Equal Employment Opportunity Commission v. Sterling Jewelers Inc.
REPORT AND RECOMMENDATION re 1 Application for an Order to Show Cause why an administrative subpoena should not be enforced. Objections due November 21, 2011. Signed by Hon. Jeremiah J. McCarthy on 11/2/11. (DAZ)
UNITED STATES DISTRICT COURT
WESTERN DISTRICT OF NEW YORK
EQUAL EMPLOYMENT OPPORTUNITY
STERLING JEWELERS INC.,
Petitioner Equal Employment Opportunity Commission (“EEOC”) filed an
application for order to show cause why its administrative subpoena duces tecum, #NY-A10-006,
to Sterling Jewelers Inc. (“Sterling”) should not be enforced .1 This motion, being dispositive,
has been referred to me by Hon. Richard J. Arcara for report and recommendation .2 Oral
argument was held on May 17, 2011. For the following reasons, I recommend that the subpoena
be enforced in its entirety.
Bracketed references are to the CM/ECF docket entries.

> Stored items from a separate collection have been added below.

(* For every positive integer $k$ there exist $d_k > 0$ and $n_0$ such that for every $n\ge n_0$ the following holds. If $G$ is a $k$-partite $k$-graph with vertex classes $V_1, \dots, V_k$ each of $n$ vertices in which every vertex lies in at least $(1-d_k)n^{k-1}$ edges of $G$, then $G$ contains a perfect matching.
   Context: A $k$-partite $k$-graph with vertex classes $V_1,\dots,V_k$ is a set of $k$-element subsets (edges) of $V_1\cup\dots\cup V_k$ each containing exactly one vertex of each $V_i$. A perfect matching is a set of pairwise disjoint edges covering every vertex. *)

theory Defs
  imports Complex_Main
begin

definition kpartite_kgraph :: "nat \<Rightarrow> (nat \<Rightarrow> 'a set) \<Rightarrow> 'a set set \<Rightarrow> bool" where
  "kpartite_kgraph k V E \<longleftrightarrow>
     (\<forall>i<k. \<forall>j<k. i \<noteq> j \<longrightarrow> V i \<inter> V j = {}) \<and>
     (\<forall>e\<in>E. e \<subseteq> (\<Union>i<k. V i) \<and> (\<forall>i<k. card (e \<inter> V i) = 1))"

definition vdeg :: "'a set set \<Rightarrow> 'a \<Rightarrow> nat" where
  "vdeg E v = card {e \<in> E. v \<in> e}"

definition perfect_matching :: "'a set \<Rightarrow> 'a set set \<Rightarrow> 'a set set \<Rightarrow> bool" where
  "perfect_matching Vs E M \<longleftrightarrow>
     M \<subseteq> E \<and> (\<forall>e\<in>M. \<forall>f\<in>M. e \<noteq> f \<longrightarrow> e \<inter> f = {}) \<and> \<Union>M = Vs"

end

theory Submission
  imports Defs "HOL-Library.FuncSet" "HOL-Library.Disjoint_Sets"
begin

text \<open>Take a maximum matching \<open>M\<close> and suppose it is not perfect; since every class meets
  \<open>\<Union>M\<close> in \<open>|M|\<close> vertices, each class \<open>V c\<close> then contains an uncovered vertex \<open>u c\<close>.

  If \<open>|M|\<close> is small, fewer than \<open>(1 - d) n ^ (k - 1)\<close> transversals through \<open>u 0\<close> meet
  \<open>\<Union>M\<close>, so some edge at \<open>u 0\<close> is disjoint from \<open>M\<close> and can be added.

  If \<open>|M| \<ge> n / (2k)\<close>, pick distinct edges \<open>x\<^sub>1, \<dots>, x\<^sub>k\<^sub>-\<^sub>1\<close> of \<open>M\<close> and write
  \<open>u, x\<^sub>1, \<dots>, x\<^sub>k\<^sub>-\<^sub>1\<close> as the rows of a \<open>k \<times> k\<close> array whose column \<open>c\<close> lies in \<open>V c\<close>.
  Its \<open>k\<close> broken diagonals are disjoint transversals; the \<open>j\<close>-th one takes its vertex in
  \<open>V c\<close> from row \<open>(c - j) mod k\<close>, so it passes through \<open>u j\<close>. For fixed \<open>j\<close> different
  choices give different diagonals, so at most \<open>d n ^ (k - 1)\<close> choices make
  the \<open>j\<close>-th diagonal a non-edge. Since the number of choices, a falling factorial of \<open>|M|\<close>,
  exceeds \<open>k d n ^ (k - 1)\<close> for \<open>d = (4k) ^ -k\<close> and \<open>n \<ge> 4k\<^sup>2\<close>, some choice
  makes all diagonals edges, and replacing the \<open>k - 1\<close> rows by the \<open>k\<close> diagonals
  enlarges \<open>M\<close>.\<close>

definition transversal :: "nat \<Rightarrow> (nat \<Rightarrow> 'a set) \<Rightarrow> 'a set \<Rightarrow> bool" where
  "transversal k V e \<longleftrightarrow> e \<subseteq> (\<Union>i<k. V i) \<and> (\<forall>i<k. card (e \<inter> V i) = 1)"

definition class_vertex :: "(nat \<Rightarrow> 'a set) \<Rightarrow> 'a set \<Rightarrow> nat \<Rightarrow> 'a" where
  "class_vertex V e c = the_elem (e \<inter> V c)"

lemma transversal_Int_class:
  assumes "transversal k V e" "c < k"
  shows "e \<inter> V c = {class_vertex V e c}"
proof -
  obtain x where "e \<inter> V c = {x}"
    using assms unfolding transversal_def by (auto simp: card_1_singleton_iff)
  then show ?thesis unfolding class_vertex_def by simp
qed

lemma class_vertex_eq:
  "transversal k V e \<Longrightarrow> c < k \<Longrightarrow> x \<in> e \<Longrightarrow> x \<in> V c \<Longrightarrow> class_vertex V e c = x"
  by (metis IntI singletonD transversal_Int_class)

lemma class_vertex_mem:
  "transversal k V e \<Longrightarrow> c < k \<Longrightarrow> class_vertex V e c \<in> e \<and> class_vertex V e c \<in> V c"
  using transversal_Int_class by fastforce

lemma transversal_eq_image:
  assumes "transversal k V e"
  shows "e = class_vertex V e ` {..<k}"
proof
  show "e \<subseteq> class_vertex V e ` {..<k}"
  proof
    fix x assume "x \<in> e"
    moreover obtain c where "c < k" "x \<in> V c"
      using assms \<open>x \<in> e\<close> unfolding transversal_def by blast
    ultimately show "x \<in> class_vertex V e ` {..<k}"
      using class_vertex_eq[OF assms] by (metis imageI lessThan_iff)
  qed
  show "class_vertex V e ` {..<k} \<subseteq> e"
    using class_vertex_mem[OF assms] by blast
qed

lemma image_Int_class:
  assumes "disjoint_family_on V {..<k}" and "\<And>c. c < k \<Longrightarrow> f c \<in> V c" and "c < k"
  shows "f ` {..<k} \<inter> V c = {f c}"
proof -
  have "c' = c" if "c' < k" "f c' \<in> V c" for c'
    using assms that unfolding disjoint_family_on_def by (metis disjoint_iff lessThan_iff)
  then show ?thesis using assms(2,3) by auto
qed

lemma transversal_image:
  assumes "disjoint_family_on V {..<k}" and "\<And>c. c < k \<Longrightarrow> f c \<in> V c"
  shows "transversal k V (f ` {..<k})"
  using image_Int_class[OF assms] assms(2) unfolding transversal_def by auto

lemma card_transversals_le:
  assumes "\<And>c. c < k \<Longrightarrow> finite (W c)"
  shows "card {e. transversal k V e \<and> (\<forall>c<k. class_vertex V e c \<in> W c)} \<le> (\<Prod>c<k. card (W c))"
proof -
  let ?S = "{e. transversal k V e \<and> (\<forall>c<k. class_vertex V e c \<in> W c)}"
  have "inj_on (\<lambda>e. restrict (class_vertex V e) {..<k}) ?S"
  proof (rule inj_onI)
    fix e e' assume "e \<in> ?S" "e' \<in> ?S"
      and eq: "restrict (class_vertex V e) {..<k} = restrict (class_vertex V e') {..<k}"
    then have "class_vertex V e ` {..<k} = class_vertex V e' ` {..<k}"
      by (metis restrict_apply' image_cong)
    moreover have "transversal k V e" "transversal k V e'"
      using \<open>e \<in> ?S\<close> \<open>e' \<in> ?S\<close> by simp_all
    ultimately show "e = e'"
      using transversal_eq_image by metis
  qed
  moreover have "(\<lambda>e. restrict (class_vertex V e) {..<k}) ` ?S \<subseteq> PiE {..<k} W"
    by force
  moreover have "finite (PiE {..<k} W)"
    using assms by (intro finite_PiE) simp_all
  ultimately have "card ?S \<le> card (PiE {..<k} W)"
    by (rule card_inj_on_le)
  then show ?thesis by (simp add: card_PiE)
qed

lemma prod_eq_power_except:
  assumes "finite A" "i \<in> A" "\<And>c. c \<in> A \<Longrightarrow> c \<noteq> i \<Longrightarrow> f c = m"
  shows "prod f A = f i * m ^ (card A - 1)"
proof -
  have "prod f A = f i * prod f (A - {i})"
    using assms(1,2) by (simp add: prod.remove)
  also have "prod f (A - {i}) = m ^ (card A - 1)"
    using assms by (simp add: prod.cong[of _ _ f "\<lambda>_. m"] card_Diff_singleton)
  finally show ?thesis .
qed
text \<open>Matrices are written as sums of matrix units: \<open>axis i (axis j c)\<close> has the single
  nonzero entry \<open>c\<close> at position \<open>(i, j)\<close>.\<close>

lemma PCP2_two_coordinates:
  fixes i j :: "'d::finite"
  assumes "i \<noteq> j"
  shows "PCP2
    (axis i (axis i (of_real ((cmod (a * b))\<^sup>2))) + axis i (axis j (of_real ((cmod (a * b'))\<^sup>2)))
      + axis j (axis i (of_real ((cmod (a' * b))\<^sup>2))) + axis j (axis j (of_real ((cmod (a' * b'))\<^sup>2))))
    (axis i (axis i (of_real ((cmod (a * b))\<^sup>2))) + axis i (axis j (a * b * cnj (a' * b')))
      + axis j (axis i (a' * b' * cnj (a * b))) + axis j (axis j (of_real ((cmod (a' * b'))\<^sup>2))))"
proof -
  define v :: "complex^'d" where "v = axis i a + axis j a'"
  define w :: "complex^'d" where "w = axis i b + axis j b'"
  have vw: "hadamard v w = axis i (a * b) + axis j (a' * b')"
    using assms by (auto simp: vec_eq_iff v_def w_def hadamard_def axis_component)
  have "PCP2 (outer (hadamard v (vconj v)) (hadamard w (vconj w))) (outer (hadamard v w) (hadamard v w))"
    by (rule PCP2_generator) (simp add: vw sigma_axis_add_axis)
  moreover have "outer (hadamard v (vconj v)) (hadamard w (vconj w)) =
    axis i (axis i (of_real ((cmod (a * b))\<^sup>2))) + axis i (axis j (of_real ((cmod (a * b'))\<^sup>2)))
      + axis j (axis i (of_real ((cmod (a' * b))\<^sup>2))) + axis j (axis j (of_real ((cmod (a' * b'))\<^sup>2)))"
    using assms by (auto simp: vec_eq_iff v_def w_def outer_def hadamard_def vconj_def axis_component
        complex_norm_square mult_ac simp flip: of_real_power)
  moreover have "outer (hadamard v w) (hadamard v w) =
    axis i (axis i (of_real ((cmod (a * b))\<^sup>2))) + axis i (axis j (a * b * cnj (a' * b')))
      + axis j (axis i (a' * b' * cnj (a * b))) + axis j (axis j (of_real ((cmod (a' * b'))\<^sup>2)))"
    using assms by (auto simp: vec_eq_iff vw outer_def axis_component
        complex_norm_square mult_ac simp flip: of_real_power)
  ultimately show ?thesis
    by simp
qed

lemma PCP2_off_diagonal_entry:
  fixes i j :: "'d::finite"
  assumes "i \<noteq> j" "c \<ge> 0"
  shows "PCP2 (axis i (axis j (of_real c))) 0"
  using PCP2_two_coordinates[OF assms(1), where a = "of_real (sqrt c)" and b = 0 and a' = 0 and b' = 1]
    assms(2)
  by simp

lemma PCP2_diagonal_entry:
  fixes i :: "'d::finite"
  assumes "r \<ge> 0"
  shows "PCP2 (axis i (axis i (of_real r))) (axis i (axis i (of_real r)))"
proof -
  define v :: "complex^'d" where "v = axis i (of_real (sqrt r))"
  define w :: "complex^'d" where "w = axis i 1"
  have vw: "hadamard v w = axis i (of_real (sqrt r)) + axis i 0"
    by (auto simp: vec_eq_iff v_def w_def hadamard_def axis_component)
  have "PCP2 (outer (hadamard v (vconj v)) (hadamard w (vconj w))) (outer (hadamard v w) (hadamard v w))"
    by (rule PCP2_generator) (simp only: vw sigma_axis_add_axis)
  moreover have "outer (hadamard v (vconj v)) (hadamard w (vconj w)) = axis i (axis i (of_real r))"
    and "outer (hadamard v w) (hadamard v w) = axis i (axis i (of_real r))"
    using assms by (auto simp: vec_eq_iff v_def w_def outer_def hadamard_def vconj_def axis_component
        simp flip: of_real_mult)
  ultimately show ?thesis
    by simp
qed

lemma PCP2_nonneg_diagonal:
  fixes r :: "'d::finite \<Rightarrow> real"
  assumes "\<And>i. r i \<ge> 0"
  shows "PCP2 (\<chi> k l. if k = l then of_real (r k) else 0) (\<chi> k l. if k = l then of_real (r k) else 0)"
proof -
  have "(\<chi> k l. if k = l then of_real (r k) else 0)
      = (\<Sum>i\<in>UNIV. axis i (axis i (of_real (r i))) :: complex^'d^'d)"
    by (simp add: vec_eq_iff axis_component)
  moreover have
    "PCP2 (\<Sum>i\<in>UNIV. axis i (axis i (of_real (r i)))) (\<Sum>i\<in>UNIV. axis i (axis i (of_real (r i))))"
    by (intro PCP2_sum PCP2_diagonal_entry assms) simp
  ultimately show ?thesis
    by simp
qed

definition block2 :: "'d::finite \<Rightarrow> 'd \<Rightarrow> real \<Rightarrow> complex \<Rightarrow> complex \<Rightarrow> complex^'d^'d" where
  "block2 i j d x y =
    axis i (axis i (of_real d)) + axis j (axis j (of_real d)) + axis i (axis j x) + axis j (axis i y)"

lemma PCP2_block2_tight:
  fixes i j :: "'d::finite" and \<gamma> :: complex
  assumes ij: "i \<noteq> j" and "\<alpha> > 0"
  shows "PCP2 (block2 i j (cmod \<gamma>) (of_real \<alpha>) (of_real ((cmod \<gamma>)\<^sup>2 / \<alpha>)))
              (block2 i j (cmod \<gamma>) \<gamma> (cnj \<gamma>))"
proof -
  define p where "p = sqrt (cmod \<gamma>)"
  define s where "s = sqrt \<alpha>"
  define a' where "a' = cnj \<gamma> / of_real (p * s)"
  have "s > 0" "p\<^sup>2 = cmod \<gamma>" "s\<^sup>2 = \<alpha>"
    using \<open>\<alpha> > 0\<close> by (simp_all add: p_def s_def)
  have "(cmod (a' * of_real p))\<^sup>2 = (cmod \<gamma>)\<^sup>2 / \<alpha>" "(cmod (a' * of_real s))\<^sup>2 = cmod \<gamma>"
    using \<open>s > 0\<close> \<open>p\<^sup>2 = cmod \<gamma>\<close> \<open>s\<^sup>2 = \<alpha>\<close>
    by (auto simp: a'_def norm_mult norm_divide power2_eq_square p_def)
  moreover have "of_real p * cnj (a' * of_real s) = \<gamma>" "a' * of_real s * cnj (of_real p) = cnj \<gamma>"
    using \<open>s > 0\<close> \<open>p\<^sup>2 = cmod \<gamma>\<close> by (auto simp: a'_def p_def)
  moreover note PCP2_two_coordinates[OF ij, where a = 1 and b = "of_real p" and a' = a' and b' = "of_real s"]
  ultimately show ?thesis
    using \<open>p\<^sup>2 = cmod \<gamma>\<close> \<open>s\<^sup>2 = \<alpha>\<close> by (simp add: block2_def add_ac)
qed

lemma PCP2_block2:
  fixes i j :: "'d::finite" and \<gamma> :: complex
  assumes ij: "i \<noteq> j" and "\<alpha> \<ge> 0" "\<beta> \<ge> 0" and \<gamma>_le: "(cmod \<gamma>)\<^sup>2 \<le> \<alpha> * \<beta>"
  shows "PCP2 (block2 i j (cmod \<gamma>) (of_real \<alpha>) (of_real \<beta>)) (block2 i j (cmod \<gamma>) \<gamma> (cnj \<gamma>))"
proof (cases "\<gamma> = 0")
  case True
  then show ?thesis
    using PCP2_add[OF PCP2_off_diagonal_entry[OF ij \<open>\<alpha> \<ge> 0\<close>]
        PCP2_off_diagonal_entry[OF ij[symmetric] \<open>\<beta> \<ge> 0\<close>]]
    by (simp add: block2_def)
next
  case False
  then have "\<alpha> > 0"
    using \<gamma>_le \<open>\<alpha> \<ge> 0\<close> by (metis less_eq_real_def mult_zero_left not_less zero_less_norm_iff zero_less_power)
  then have "(cmod \<gamma>)\<^sup>2 / \<alpha> \<le> \<beta>"
    using \<gamma>_le by (simp add: field_simps mult.commute)
  then have "PCP2 (axis j (axis i (of_real (\<beta> - (cmod \<gamma>)\<^sup>2 / \<alpha>)))) 0"
    by (intro PCP2_off_diagonal_entry) (use ij in auto)
  from PCP2_add[OF PCP2_block2_tight[OF ij \<open>\<alpha> > 0\<close>, of \<gamma>] this]
  show ?thesis
    by (rule rev_iffD1[OF _ arg_cong2[where f = PCP2]])
      (auto simp: block2_def vec_eq_iff axis_component)
qed
text \<open>If two unit vectors u and w are not antipodal, the vector p = (u + w) / (1 + u \<bullet> w)
  satisfies u \<bullet> p = w \<bullet> p = 1, and then the transvections I + (p - u) u^T and I + (w - p) w^T
  carry u to p and p to w. Applied pointwise to continuous unit vector fields this gives an
  element of SL_n(C(T)) moving one field to the other; it is connected to the identity through
  I + X (p - u) u^T. By compactness of T the homotopy H is uniformly continuous in the
  I-variable, so [0,1] can be subdivided finely enough that consecutive fields H(\<cdot>, k/N) are
  never antipodal, and the theorem follows by composing the resulting matrices.\<close>

lemma det_row_replaced_mat_1:
  fixes y :: "'a::comm_ring_1^'n::finite"
  shows "det (\<chi> i. if i = j then y else axis i 1) = y $ j"
proof -
  have "det (\<chi> i. if i = j then y else axis i 1)
      = det (\<chi> i. if i = j then (\<Sum>k\<in>UNIV. y $ k *s axis k 1) else axis i (1::'a))"
    by (simp only: basis_expansion)
  also have "\<dots> = (\<Sum>k\<in>UNIV. y $ k * det (\<chi> i. if i = j then axis k 1 else axis i (1::'a)))"
    by (simp add: det_linear_row_sum det_row_mul)
  also have "\<dots> = (\<Sum>k\<in>{j}. y $ k * det (\<chi> i. if i = j then axis k 1 else axis i (1::'a)))"
  proof (rule sum.mono_neutral_right)
    have "det (\<chi> i. if i = j then axis k 1 else axis i (1::'a)) = 0" if "k \<noteq> j" for k
      by (rule det_identical_rows[of j k]) (use that in \<open>auto simp: row_def\<close>)
    then show "\<forall>k\<in>UNIV - {j}. y $ k * det (\<chi> i. if i = j then axis k 1 else axis i (1::'a)) = 0"
      by simp
  qed auto
  also have "\<dots> = y $ j"
  proof -
    have "(\<chi> i. if i = j then axis j 1 else axis i 1) = (mat 1 :: 'a^'n^'n)"
      by (simp add: vec_eq_iff axis_def mat_def)
    then show ?thesis by simp
  qed
  finally show ?thesis .
qed

lemma det_row_replaced_rank_one_rows:
  fixes x y :: "'a::comm_ring_1^'n::finite"
  assumes "finite S" "j \<notin> S"
  shows "det (\<chi> i. if i = j then y else if i \<in> S then axis i 1 + x $ i *s y else axis i 1) = y $ j"
  using assms
proof (induction S rule: finite_induct)
  case empty
  then show ?case by (simp add: det_row_replaced_mat_1 cong: if_cong)
next
  case (insert s S)
  let ?A = "\<chi> i. if i = j then y else if i \<in> S then axis i 1 + x $ i *s y else axis i 1"
  have "s \<noteq> j" using insert.prems by auto
  have "(\<chi> i. if i = j then y else if i \<in> insert s S then axis i 1 + x $ i *s y else axis i 1)
      = (\<chi> i. if i = s then row s ?A + x $ s *s row j ?A else row i ?A)"
    using insert.hyps(2) \<open>s \<noteq> j\<close> by (auto simp: vec_eq_iff row_def)
  then show ?case
    using det_row_operation[OF \<open>s \<noteq> j\<close>, of ?A "x $ s"] insert by simp
qed

lemma det_rank_one_rows:
  fixes x y :: "'a::comm_ring_1^'n::finite"
  assumes "finite S"
  shows "det (\<chi> i. if i \<in> S then axis i 1 + x $ i *s y else axis i 1) = 1 + (\<Sum>i\<in>S. x $ i * y $ i)"
  using assms
proof (induction S rule: finite_induct)
  case empty
  have "(\<chi> i. axis i 1) = (mat 1 :: 'a^'n^'n)"
    by (simp add: vec_eq_iff axis_def mat_def)
  then show ?case by simp
next
  case (insert s S)
  let ?c = "\<lambda>i. if i \<in> S then axis i 1 + x $ i *s y else axis i (1::'a)"
  have "(\<chi> i. if i \<in> insert s S then axis i 1 + x $ i *s y else axis i 1)
      = (\<chi> i. if i = s then axis s 1 + x $ s *s y else ?c i)"
    by (auto simp: vec_eq_iff)
  moreover have "(\<chi> i. if i = s then axis s 1 else ?c i) = (\<chi> i. ?c i)"
    using insert.hyps(2) by (auto simp: vec_eq_iff)
  moreover have "det (\<chi> i. if i = s then y else ?c i) = y $ s"
    using det_row_replaced_rank_one_rows[of S s y x] insert.hyps by simp
  ultimately show ?case
    using insert by (simp add: det_row_add det_row_mul algebra_simps)
qed

text \<open>For y \<bullet> x = 0 this is a transvection.\<close>

definition transvection :: "'a::comm_ring_1^'n \<Rightarrow> 'a^'n \<Rightarrow> 'a^'n^'n" where
  "transvection x y = mat 1 + (\<chi> i j. x $ i * y $ j)"

lemma det_transvection:
  fixes x y :: "'a::comm_ring_1^'n::finite"
  shows "det (transvection x y) = 1 + (\<Sum>i\<in>UNIV. x $ i * y $ i)"
proof -
  have "transvection x y = (\<chi> i. if i \<in> UNIV then axis i 1 + x $ i *s y else axis i 1)"
    by (simp add: transvection_def vec_eq_iff axis_def mat_def)
  then show ?thesis using det_rank_one_rows[of UNIV x y] by simp
qed

lemma transvection_mult_vec:
  fixes x y z :: "'a::comm_ring_1^'n::finite"
  shows "transvection x y *v z = z + (\<Sum>j\<in>UNIV. y $ j * z $ j) *s x"
proof -
  have "(\<chi> i j. x $ i * y $ j) *v z = (\<Sum>j\<in>UNIV. y $ j * z $ j) *s x"
    by (simp add: vec_eq_iff matrix_vector_mult_def sum_distrib_left algebra_simps)
  then show ?thesis by (simp add: transvection_def matrix_vector_mult_add_rdistrib)
qed

lemma sum_fun_apply: "sum f A x = (\<Sum>a\<in>A. f a x)"
  by (induction A rule: infinite_finite_induct) auto

lemma continuous_on_plus_fun:
  fixes f g :: "'a::topological_space \<Rightarrow> 'b::topological_monoid_add"
  shows "continuous_on S f \<Longrightarrow> continuous_on S g \<Longrightarrow> continuous_on S (f + g)"
  unfolding plus_fun_def by (rule continuous_on_add)

lemma continuous_on_times_fun:
  fixes f g :: "'a::topological_space \<Rightarrow> 'b::real_normed_algebra"
  shows "continuous_on S f \<Longrightarrow> continuous_on S g \<Longrightarrow> continuous_on S (f * g)"
  unfolding times_fun_def by (rule continuous_on_mult)

lemma continuous_on_sum_fun:
  fixes f :: "'i \<Rightarrow> 'a::topological_space \<Rightarrow> 'b::topological_comm_monoid_add"
  shows "(\<And>a. a \<in> A \<Longrightarrow> continuous_on S (f a)) \<Longrightarrow> continuous_on S (sum f A)"
  unfolding sum_fun_apply[abs_def] by (rule continuous_on_sum)

lemma continuous_on_mat_1_entry:
  "continuous_on S ((mat 1 :: ('a::topological_space \<Rightarrow> 'b::{real_normed_vector, one})^'n^'n) $ i $ j)"
  by (simp add: mat_def zero_fun_def one_fun_def)

definition continuous_coeffs :: "('t::topological_space \<Rightarrow> real) poly \<Rightarrow> bool" where
  "continuous_coeffs p \<longleftrightarrow> (\<forall>k. continuous_on UNIV (coeff p k))"

lemma continuous_coeffs_add:
  "continuous_coeffs p \<Longrightarrow> continuous_coeffs q \<Longrightarrow> continuous_coeffs (p + q)"
  unfolding continuous_coeffs_def coeff_add by (blast intro: continuous_on_plus_fun)

lemma continuous_coeffs_sum:
  "(\<And>a. a \<in> A \<Longrightarrow> continuous_coeffs (f a)) \<Longrightarrow> continuous_coeffs (sum f A)"
  unfolding continuous_coeffs_def coeff_sum by (auto intro!: continuous_on_sum_fun)

lemma continuous_coeffs_mult:
  "continuous_coeffs p \<Longrightarrow> continuous_coeffs q \<Longrightarrow> continuous_coeffs (p * q)"
  unfolding continuous_coeffs_def coeff_mult
  by (auto intro!: continuous_on_sum_fun continuous_on_times_fun)

lemma continuous_coeffs_monom: "continuous_on UNIV a \<Longrightarrow> continuous_coeffs (monom a n)"
  unfolding continuous_coeffs_def by (simp add: zero_fun_def)

lemma continuous_coeffs_mat_1_entry:
  "continuous_coeffs ((mat 1 :: ('t::topological_space \<Rightarrow> real) poly^'n^'n) $ i $ j)"
  unfolding continuous_coeffs_def by (simp add: mat_def coeff_1 zero_fun_def one_fun_def)
lemma gamma_oidR_corona:
  assumes G: "sgraph VG EG"
    and H: "sgraph VH EH" "VH \<noteq> {}" "\<forall>x\<in>VH. degree VH EH x + 2 \<le> card VH"
  shows "gamma_oidR (corona_V VG VH) (corona_E VG EG VH EH) =
    Min ((\<lambda>f. \<Sum>v\<in>VG. copy_cost VH EH (f v)) `
      {f. f ` VG \<subseteq> {0, 1, 2, 3} \<and> independent EG {v \<in> VG. f v = 0}})"
    (is "?\<gamma> = Min (?cost ` ?adm)")
proof (rule Min_eqI[symmetric])
  have finG: "finite VG" using G by (simp add: sgraph_def)
  show lower: "?\<gamma> \<le> c" if "c \<in> ?cost ` ?adm" for c
    using that gamma_oidR_corona_le[OF finG H] by auto
  obtain f0 where "f0 \<in> ?adm" and "?cost f0 \<le> ?\<gamma>"
    using gamma_oidR_corona_ge[OF G H(1)] by auto
  moreover from this have "?\<gamma> \<le> ?cost f0" by (intro lower) simp
  ultimately have "?\<gamma> = ?cost f0" by simp
  then show "?\<gamma> \<in> ?cost ` ?adm" using \<open>f0 \<in> ?adm\<close> by (rule image_eqI)
  let ?B = "copy_cost VH EH 0 + copy_cost VH EH 1 + copy_cost VH EH 2 + copy_cost VH EH 3"
  have "?cost ` ?adm \<subseteq> {..card VG * ?B}"
  proof (rule image_subsetI)
    fix f :: "'a \<Rightarrow> nat"
    have "?cost f \<le> (\<Sum>v\<in>VG. ?B)" by (intro sum_mono) (simp add: copy_cost_def)
    then show "?cost f \<in> {..card VG * ?B}" by simp
  qed
  then show "finite (?cost ` ?adm)" by (rule finite_subset) simp
qed

theorem theorem6:
  fixes VG :: "'a set" and EG :: "'a set set" and VH :: "'b set" and EH :: "'b set set"
  assumes "sgraph VG EG"
    and "sgraph VH EH"
    and "VH \<noteq> {}"
    and "\<forall>x\<in>VH. degree VH EH x + 2 \<le> card VH"
  shows "gamma_oidR (corona_V VG VH) (corona_E VG EG VH EH) =
    Min {card {v \<in> VG. f v = 0} * (card VH + domination_number VH EH)
         + card {v \<in> VG. f v = 1} * (gamma_oidR VH EH + 1)
         + card {v \<in> VG. f v = 2} * (gamma_oiR VH EH + 2)
         + card {v \<in> VG. f v = 3} * (vertex_cover_number VH EH + 3)
       | f. (f :: 'a \<Rightarrow> nat) ` VG \<subseteq> {0, 1, 2, 3} \<and> independent EG {v \<in> VG. f v = 0}}"
proof -
  have "finite VG" using assms(1) by (simp add: sgraph_def)
  then show ?thesis
    unfolding gamma_oidR_corona[OF assms] setcompr_eq_image
    by (intro arg_cong[where f = Min] image_cong refl) (simp add: sum_copy_cost)
qed

end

“A motion to enforce a subpoena is not always considered a dispositive motion for
purposes of Federal Rule of Civil Procedure 72 . . . . Because the Magistrate’s order would dispose of
the entire matter at issue in this case, however, the order is more properly treated as a Report and
Recommendation, subject to de novo review.” U.S. E.E.O.C. v. Dolgencorp., 2008 WL 4542973, *2
(N.D.Ill. 2008). See E.E.O.C. v. Schwan’s Home Service, 707 F.Supp.2d 980, 989 (D.Minn.
The Thielker Charge
On August 6, 2008, Diane Thielker, a former employee of Sterling (d/b/a Jared
the Galleria of Jewelry), filed a charge of discrimination (the “Thielker Charge”) alleging:
“I believe that I have been the victim of unlawful discrimination in
employment because of my age . . . , in violation of the Age
Discrimination in Employment Act of 1967 . . . and because of my
sex, female, in violation of Title VII of the Civil Rights Act of
1964. . . because:
A. I applied for the timepiece manager position in January 2008
and I was rejected. Instead a 23 year old male, who did not even
apply was hired.
B. I believe that when I told [the General Manager] that I believed
this was age and sex discrimination, he retaliated by saying I did
not meet standards and by terminating me.” Thompson Declaration
, Exs. 1 (Charge No. 523-2008-00926) and 4.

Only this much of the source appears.